1# uvicorn re-reads the code after sync — Live Update without restarting the process
2CMD ["uvicorn", "app.main:app", "--host", "0.0.0.0", "--port", "8080", "--reload"]

If the application is launched without --reload (or it's custom_build / Docker Compose), restarting the process for a Kubernetes resource is done with the docker_build_with_restart wrapper from the restart_process extension (the same one as in chapter 8):

1load('ext://restart_process', 'docker_build_with_restart')
2
3docker_build_with_restart(
4    'k3d-registry.localhost:5000/myapp', '.',
5    entrypoint=['uvicorn', 'app.main:app', '--host', '0.0.0.0', '--port', '8080'],
6    live_update=[
7        sync('./app', '/code/app'),   # the code is synced, and the wrapper restarts the process
8    ],
9)

k3d / Docker ate your disk or memory

After a couple of weeks of active development, you suddenly notice the disk is running out and Docker has swallowed tens of gigabytes. The culprits are accumulated images and build layers.

Why it "doesn't clean up by itself"

The kubelet has a built-in garbage collector for images, but it's lazy. By default imageGCHighThresholdPercent = 85%, imageGCLowThresholdPercent = 80%: until the node's disk usage exceeds 85%, cleanup doesn't run at all. Once it does, the kubelet deletes the least recently used images until usage drops back to 80%. Image GC runs roughly every 5 minutes, container GC every minute (Kubernetes: Garbage Collection).

The takeaway: space "piles up" on purpose, and it may look like GC is broken — but it's just waiting for the 85% threshold.

Cleaning up Docker by hand

First, look at what's actually taking up space:

1docker system df          # summary: images, containers, volumes, build cache
2docker system df -v       # detailed, line by line

Then clean up incrementally (Docker: docker system prune):

1docker system prune               # stopped containers, unused networks,
2                                  # dangling images, and build cache
3docker builder prune              # build cache only
4docker system prune -a            # ALL unused images, not just dangling ones
5docker system prune -a --volumes  # plus anonymous volumes (careful with data!)

Two important gotchas:

docker system prune -a can wipe out images the cluster needs. If you imported an image into k3d with k3d image import, an aggressive cleanup deletes the source from Docker — and on the pod's next restart you'll hit ImagePullBackOff or have to import it again.
--volumes touches anonymous volumes; if they held data (for example, a local PostgreSQL for myapp), it's gone. By default prune doesn't touch volumes, and that's the right behavior.

The cleanest reset

If you want to reliably free everything the cluster took and start from a clean slate, it's easier to delete and recreate the cluster itself. This removes all the node containers, their images, and their layers in one go:

1k3d cluster delete dev
2k3d cluster create dev --registry-create k3d-registry.localhost:5000

About memory

k3d nodes' memory is bounded by the Docker VM's resources, just like in the OOMKilled section. If the cluster simply doesn't have enough memory, what you need to increase is not "limits in Kubernetes" but the memory allocated to the Docker VM in the Docker Desktop / colima settings. Pods live inside that VM and can't get more than it has.
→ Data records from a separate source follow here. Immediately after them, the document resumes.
(* Consider the optimization problem $$\mathcal{P}_1:\ \min_{\{I_{G,i},I_{H,i},I_{D,i},p_{G,i},p_{H,i}\}_{i=1}^N}\ \sum_{n=1}^N \big(w_G\, p_{G,n}\tau + w_D I_{D,n}\big)$$ subject to, for all $i\in\mathcal{N}=\{1,\dots,N\}$: $I_{G,i}+I_{H,i}+I_{D,i}=1$; $\sum_{l=1}^{i} p_{H,l}\tau\le \sum_{n=1}^{i}E_{H,n}$; $\sum_{j\in\{G,H\}} I_{j,i}\, r(p_{j,i},h_{j,i})\ge (1-I_{D,i})R$; $0\le p_{j,i}\le p_j^{\max}$ for $j\in\{G,H\}$; $I_{j,i}\in\{0,1\}$ for $j\in\{G,H,D\}$. Consider also the zero-one integer program $$\hat{\mathcal{P}}_1:\ \min_{\{\alpha_i\}}\ \sum_{n=1}^N (1-\alpha_n)c_n\quad\text{s.t.}\quad \sum_{k=1}^{i}\alpha_k p^{inv}_{H,k}\tau\le\sum_{l=1}^{i}E_{H,l},\ \ \alpha_i p^{inv}_{H,i}\le p_H^{\max},\ \ \alpha_i\in\{0,1\},\ \ \forall i\in\mathcal{N},$$ where $p^{inv}_{j,i}=(2^{R/(W\tau)}-1)\sigma^2 h_{j,i}^{-1}$ for $j\in\{G,H\}$, $\kappa=\min\{p_G^{\max},\,w_D(w_G\tau)^{-1}\}$, and $c_i=w_D$ if $p^{inv}_{G,i}>\kappa$ and $c_i=w_G p^{inv}_{G,i}\tau$ if $p^{inv}_{G,i}\le\kappa$. Then $\mathcal{P}_1$ is equivalent to $\hat{\mathcal{P}}_1$ in the following sense: for any feasible $\{\alpha_i\}$ of $\hat{\mathcal{P}}_1$, the assignment $I_{H,i}=\alpha_i$, $I_{G,i}=(1-\alpha_i)\mathbf{1}\{p^{inv}_{G,i}\le\kappa\}$, $I_{D,i}=1-I_{G,i}-I_{H,i}$, $p_{j,i}=I_{j,i}p^{inv}_{j,i}$ ($j\in\{G,H\}$) is the corresponding solution of $\mathcal{P}_1$; the two problems have the same optimal value; and if $\{\alpha_i\}$ is optimal for $\hat{\mathcal{P}}_1$, then the corresponding $\{I_{G,i},I_{H,i},I_{D,i}\}$, $\{p_{H,i}\}$, $\{p_{G,i}\}$ are optimal for $\mathcal{P}_1$.
   Context: A hybrid energy supply network: a grid-powered base station (GP-BS, index $G$) and an energy-harvesting base station (EH-BS, index $H$) serve one user over $N$ blocks of length $\tau>0$. In each block one packet of $R>0$ bits arrives; it is sent by the GP-BS ($I_{G,i}=1$), by the EH-BS ($I_{H,i}=1$), or dropped ($I_{D,i}=1$). $p_{G,i},p_{H,i}\ge 0$ are transmit powers, $p_G^{\max},p_H^{\max}>0$ peak powers, $E_{H,i}\ge0$ is the energy harvested by the EH-BS at the start of block $i$, $h_{G,i},h_{H,i}>0$ are the channel gains, and $r(p,h)=\tau W\log_2(1+h\sigma^{-2}p)$ with bandwidth $W>0$ and noise variance $\sigma^2>0$. The weights satisfy $w_G,w_D>0$. $\mathbf{1}\{\cdot\}$ is the indicator function. *)

theory Defs
  imports Complex_Main
begin

text \<open>Blocks are indexed by 1..N. The noise variance sigma^2 is the parameter s2.
  A decision of P1 is a tuple (IG, IH, ID, pG, pH) of functions on block indices.\<close>

type_synonym decision =
  "(nat \<Rightarrow> real) \<times> (nat \<Rightarrow> real) \<times> (nat \<Rightarrow> real) \<times> (nat \<Rightarrow> real) \<times> (nat \<Rightarrow> real)"

definition rate :: "real \<Rightarrow> real \<Rightarrow> real \<Rightarrow> real \<Rightarrow> real \<Rightarrow> real" where
  "rate \<tau> W s2 p h = \<tau> * W * log 2 (1 + h * p / s2)"

definition feasP1 ::
  "nat \<Rightarrow> real \<Rightarrow> real \<Rightarrow> real \<Rightarrow> real \<Rightarrow> real \<Rightarrow> real \<Rightarrow>
   (nat \<Rightarrow> real) \<Rightarrow> (nat \<Rightarrow> real) \<Rightarrow> (nat \<Rightarrow> real) \<Rightarrow> decision \<Rightarrow> bool" where
  "feasP1 N \<tau> W s2 R pGmax pHmax E hG hH d =
     (case d of (IG, IH, ID, pG, pH) \<Rightarrow>
       (\<forall>i\<in>{1..N}.
          IG i + IH i + ID i = 1
        \<and> (\<Sum>l=1..i. pH l * \<tau>) \<le> (\<Sum>n=1..i. E n)
        \<and> IG i * rate \<tau> W s2 (pG i) (hG i) + IH i * rate \<tau> W s2 (pH i) (hH i) \<ge> (1 - ID i) * R
        \<and> 0 \<le> pG i \<and> pG i \<le> pGmax
        \<and> 0 \<le> pH i \<and> pH i \<le> pHmax
        \<and> IG i \<in> {0, 1} \<and> IH i \<in> {0, 1} \<and> ID i \<in> {0, 1}))"

definition objP1 :: "nat \<Rightarrow> real \<Rightarrow> real \<Rightarrow> real \<Rightarrow> decision \<Rightarrow> real" where
  "objP1 N \<tau> wG wD d =
     (case d of (IG, IH, ID, pG, pH) \<Rightarrow> (\<Sum>n=1..N. wG * pG n * \<tau> + wD * ID n))"

definition optP1 ::
  "nat \<Rightarrow> real \<Rightarrow> real \<Rightarrow> real \<Rightarrow> real \<Rightarrow> real \<Rightarrow> real \<Rightarrow> real \<Rightarrow> real \<Rightarrow>
   (nat \<Rightarrow> real) \<Rightarrow> (nat \<Rightarrow> real) \<Rightarrow> (nat \<Rightarrow> real) \<Rightarrow> decision \<Rightarrow> bool" where
  "optP1 N \<tau> W s2 R pGmax pHmax wG wD E hG hH d =
     (feasP1 N \<tau> W s2 R pGmax pHmax E hG hH d \<and>
      (\<forall>d'. feasP1 N \<tau> W s2 R pGmax pHmax E hG hH d' \<longrightarrow>
             objP1 N \<tau> wG wD d \<le> objP1 N \<tau> wG wD d'))"

definition pinv :: "real \<Rightarrow> real \<Rightarrow> real \<Rightarrow> real \<Rightarrow> real \<Rightarrow> real" where
  "pinv \<tau> W s2 R h = (2 powr (R / (W * \<tau>)) - 1) * s2 / h"

definition kappa :: "real \<Rightarrow> real \<Rightarrow> real \<Rightarrow> real \<Rightarrow> real" where
  "kappa \<tau> pGmax wG wD = min pGmax (wD / (wG * \<tau>))"

definition cost :: "real \<Rightarrow> real \<Rightarrow> real \<Rightarrow> real \<Rightarrow> real \<Rightarrow> real \<Rightarrow> real \<Rightarrow> real \<Rightarrow> real" where
  "cost \<tau> W s2 R pGmax wG wD hGi =
     (if pinv \<tau> W s2 R hGi > kappa \<tau> pGmax wG wD then wD
      else wG * pinv \<tau> W s2 R hGi * \<tau>)"

definition feasP1hat ::
  "nat \<Rightarrow> real \<Rightarrow> real \<Rightarrow> real \<Rightarrow> real \<Rightarrow> real \<Rightarrow>
   (nat \<Rightarrow> real) \<Rightarrow> (nat \<Rightarrow> real) \<Rightarrow> (nat \<Rightarrow> real) \<Rightarrow> bool" where
  "feasP1hat N \<tau> W s2 R pHmax E hH \<alpha> =
     (\<forall>i\<in>{1..N}.
        (\<Sum>k=1..i. \<alpha> k * pinv \<tau> W s2 R (hH k) * \<tau>) \<le> (\<Sum>l=1..i. E l)
      \<and> \<alpha> i * pinv \<tau> W s2 R (hH i) \<le> pHmax
      \<and> \<alpha> i \<in> {0, 1})"

definition objP1hat ::
  "nat \<Rightarrow> real \<Rightarrow> real \<Rightarrow> real \<Rightarrow> real \<Rightarrow> real \<Rightarrow> real \<Rightarrow> real \<Rightarrow>
   (nat \<Rightarrow> real) \<Rightarrow> (nat \<Rightarrow> real) \<Rightarrow> real" where
  "objP1hat N \<tau> W s2 R pGmax wG wD hG \<alpha> =
     (\<Sum>n=1..N. (1 - \<alpha> n) * cost \<tau> W s2 R pGmax wG wD (hG n))"

definition optP1hat ::
  "nat \<Rightarrow> real \<Rightarrow> real \<Rightarrow> real \<Rightarrow> real \<Rightarrow> real \<Rightarrow> real \<Rightarrow> real \<Rightarrow> real \<Rightarrow>
   (nat \<Rightarrow> real) \<Rightarrow> (nat \<Rightarrow> real) \<Rightarrow> (nat \<Rightarrow> real) \<Rightarrow> (nat \<Rightarrow> real) \<Rightarrow> bool" where
  "optP1hat N \<tau> W s2 R pGmax pHmax wG wD E hG hH \<alpha> =
     (feasP1hat N \<tau> W s2 R pHmax E hH \<alpha> \<and>
      (\<forall>\<beta>. feasP1hat N \<tau> W s2 R pHmax E hH \<beta> \<longrightarrow>
             objP1hat N \<tau> W s2 R pGmax wG wD hG \<alpha> \<le> objP1hat N \<tau> W s2 R pGmax wG wD hG \<beta>))"

definition assign ::
  "real \<Rightarrow> real \<Rightarrow> real \<Rightarrow> real \<Rightarrow> real \<Rightarrow> real \<Rightarrow> real \<Rightarrow>
   (nat \<Rightarrow> real) \<Rightarrow> (nat \<Rightarrow> real) \<Rightarrow> (nat \<Rightarrow> real) \<Rightarrow> decision" where
  "assign \<tau> W s2 R pGmax wG wD hG hH \<alpha> =
     (let IH = \<alpha>;
          IG = (\<lambda>i. (1 - \<alpha> i) * (if pinv \<tau> W s2 R (hG i) \<le> kappa \<tau> pGmax wG wD then 1 else 0));
          ID = (\<lambda>i. 1 - IG i - IH i)
      in (IG, IH, ID,
          (\<lambda>i. IG i * pinv \<tau> W s2 R (hG i)),
          (\<lambda>i. IH i * pinv \<tau> W s2 R (hH i))))"

end

theory Submission
  imports Defs
begin

text \<open>Serving a packet over a channel with gain h costs at least the power pinv h, which is exactly
  enough. Hence in P1 the GP-BS should transmit at pinv whenever that is cheaper than dropping and
  within its peak power, i.e. when pinv \<le> kappa; otherwise the packet is dropped at cost wD. This
  makes the per-block cost of a packet not served by the EH-BS equal to c_i, and leaves only the
  binary choice alpha_i of serving it by the EH-BS. Conversely the EH indicator of any feasible
  decision of P1 is feasible for the 0-1 program and its cost is no larger, so both problems have
  the same infimum and optimal solutions correspond.\<close>

lemma INF_eq_of_reduction:
  fixes f :: "'a \<Rightarrow> 'c::conditionally_complete_linorder" and g :: "'b \<Rightarrow> 'c"
  assumes "B \<noteq> {}" and "bdd_below (g ` B)"
    and forward: "\<And>b. b \<in> B \<Longrightarrow> \<phi> b \<in> A \<and> f (\<phi> b) = g b"
    and backward: "\<And>a. a \<in> A \<Longrightarrow> \<exists>b\<in>B. g b \<le> f a"
  shows "(INF a\<in>A. f a) = (INF b\<in>B. g b)"
proof (rule antisym)
  have "A \<noteq> {}" using \<open>B \<noteq> {}\<close> forward by blast
  obtain m where m: "\<And>b. b \<in> B \<Longrightarrow> m \<le> g b"
    using \<open>bdd_below (g ` B)\<close> by (auto simp: bdd_below_def)
  have "bdd_below (f ` A)"
  proof (rule bdd_belowI2)
    fix a assume "a \<in> A"
    then obtain b where "b \<in> B" "g b \<le> f a" using backward by blast
    then show "m \<le> f a" using m order_trans by blast
  qed
  show "(INF a\<in>A. f a) \<le> (INF b\<in>B. g b)"
  proof (rule cINF_greatest[OF \<open>B \<noteq> {}\<close>])
    fix b assume "b \<in> B"
    then have "(INF a\<in>A. f a) \<le> f (\<phi> b)" using forward \<open>bdd_below (f ` A)\<close> by (blast intro: cINF_lower)
    then show "(INF a\<in>A. f a) \<le> g b" using forward \<open>b \<in> B\<close> by simp
  qed
  show "(INF b\<in>B. g b) \<le> (INF a\<in>A. f a)"
  proof (rule cINF_greatest[OF \<open>A \<noteq> {}\<close>])
    fix a assume "a \<in> A"
    then obtain b where "b \<in> B" "g b \<le> f a" using backward by blast
    then show "(INF b\<in>B. g b) \<le> f a"
      using \<open>bdd_below (g ` B)\<close> by (meson cINF_lower order_trans)
  qed
qed

lemma minimizer_of_reduction:
  fixes f :: "'a \<Rightarrow> 'c::preorder" and g :: "'b \<Rightarrow> 'c"
  assumes forward: "\<And>b. b \<in> B \<Longrightarrow> \<phi> b \<in> A \<and> f (\<phi> b) = g b"
    and backward: "\<And>a. a \<in> A \<Longrightarrow> \<exists>b\<in>B. g b \<le> f a"
    and "b \<in> B" and min: "\<forall>b'\<in>B. g b \<le> g b'"
  shows "\<phi> b \<in> A \<and> (\<forall>a\<in>A. f (\<phi> b) \<le> f a)"
proof (intro conjI ballI)
  show "\<phi> b \<in> A" using forward \<open>b \<in> B\<close> by blast
  fix a assume "a \<in> A"
  then obtain b' where "b' \<in> B" "g b' \<le> f a" using backward by blast
  then show "f (\<phi> b) \<le> f a" using forward[OF \<open>b \<in> B\<close>] min order_trans by metis
qed

lemma rate_pinv:
  assumes "\<tau> > 0" "W > 0" "s2 > 0" "h > 0"
  shows "rate \<tau> W s2 (pinv \<tau> W s2 R h) h = R"
proof -
  have "1 + h * pinv \<tau> W s2 R h / s2 = 2 powr (R / (W * \<tau>))"
    using assms by (simp add: pinv_def field_simps)
  then show ?thesis using assms by (simp add: rate_def)
qed

lemma pinv_nonneg:
  assumes "\<tau> > 0" "W > 0" "s2 > 0" "h > 0" "R \<ge> 0"
  shows "pinv \<tau> W s2 R h \<ge> 0"
proof -
  have "2 powr (R / (W * \<tau>)) \<ge> 1" using assms by (simp add: ge_one_powr_ge_zero)
  then show ?thesis using assms unfolding pinv_def by simp
qed

lemma pinv_le_of_rate_ge:
  assumes "\<tau> > 0" "W > 0" "s2 > 0" "h > 0" "p \<ge> 0"
    and "rate \<tau> W s2 p h \<ge> R"
  shows "pinv \<tau> W s2 R h \<le> p"
proof -
  have pos: "1 + h * p / s2 > 0" using assms by (simp add: add_pos_nonneg)
  have "R / (W * \<tau>) \<le> log 2 (1 + h * p / s2)"
    using assms by (simp add: rate_def pos_divide_le_eq mult.commute mult.left_commute)
  then have "2 powr (R / (W * \<tau>)) \<le> 1 + h * p / s2"
    using pos by (simp add: le_log_iff)
  then have "(2 powr (R / (W * \<tau>)) - 1) * s2 \<le> h * p" using assms by (simp add: field_simps)
  then show ?thesis using assms unfolding pinv_def by (simp add: divide_le_eq mult.commute)
qed

lemma transmit_cost_le_wD:
  assumes "\<tau> > 0" "wG > 0" "p \<le> kappa \<tau> pGmax wG wD"
  shows "wG * p * \<tau> \<le> wD"
proof -
  have "p \<le> wD / (wG * \<tau>)" using assms(3) by (simp add: kappa_def)
  then show ?thesis using assms(1,2) by (simp add: le_divide_eq mult.commute mult.left_commute)
qed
The general algorithm for any problem

It's always the same: kubectl get pods shows the status → kubectl describe pod explains the cause in Reason/Events → kubectl logs --previous gives the details of the crash. Ninety percent of cases are something covered above. For the rest, the chapter on debugging and observability and the official documentation below will help.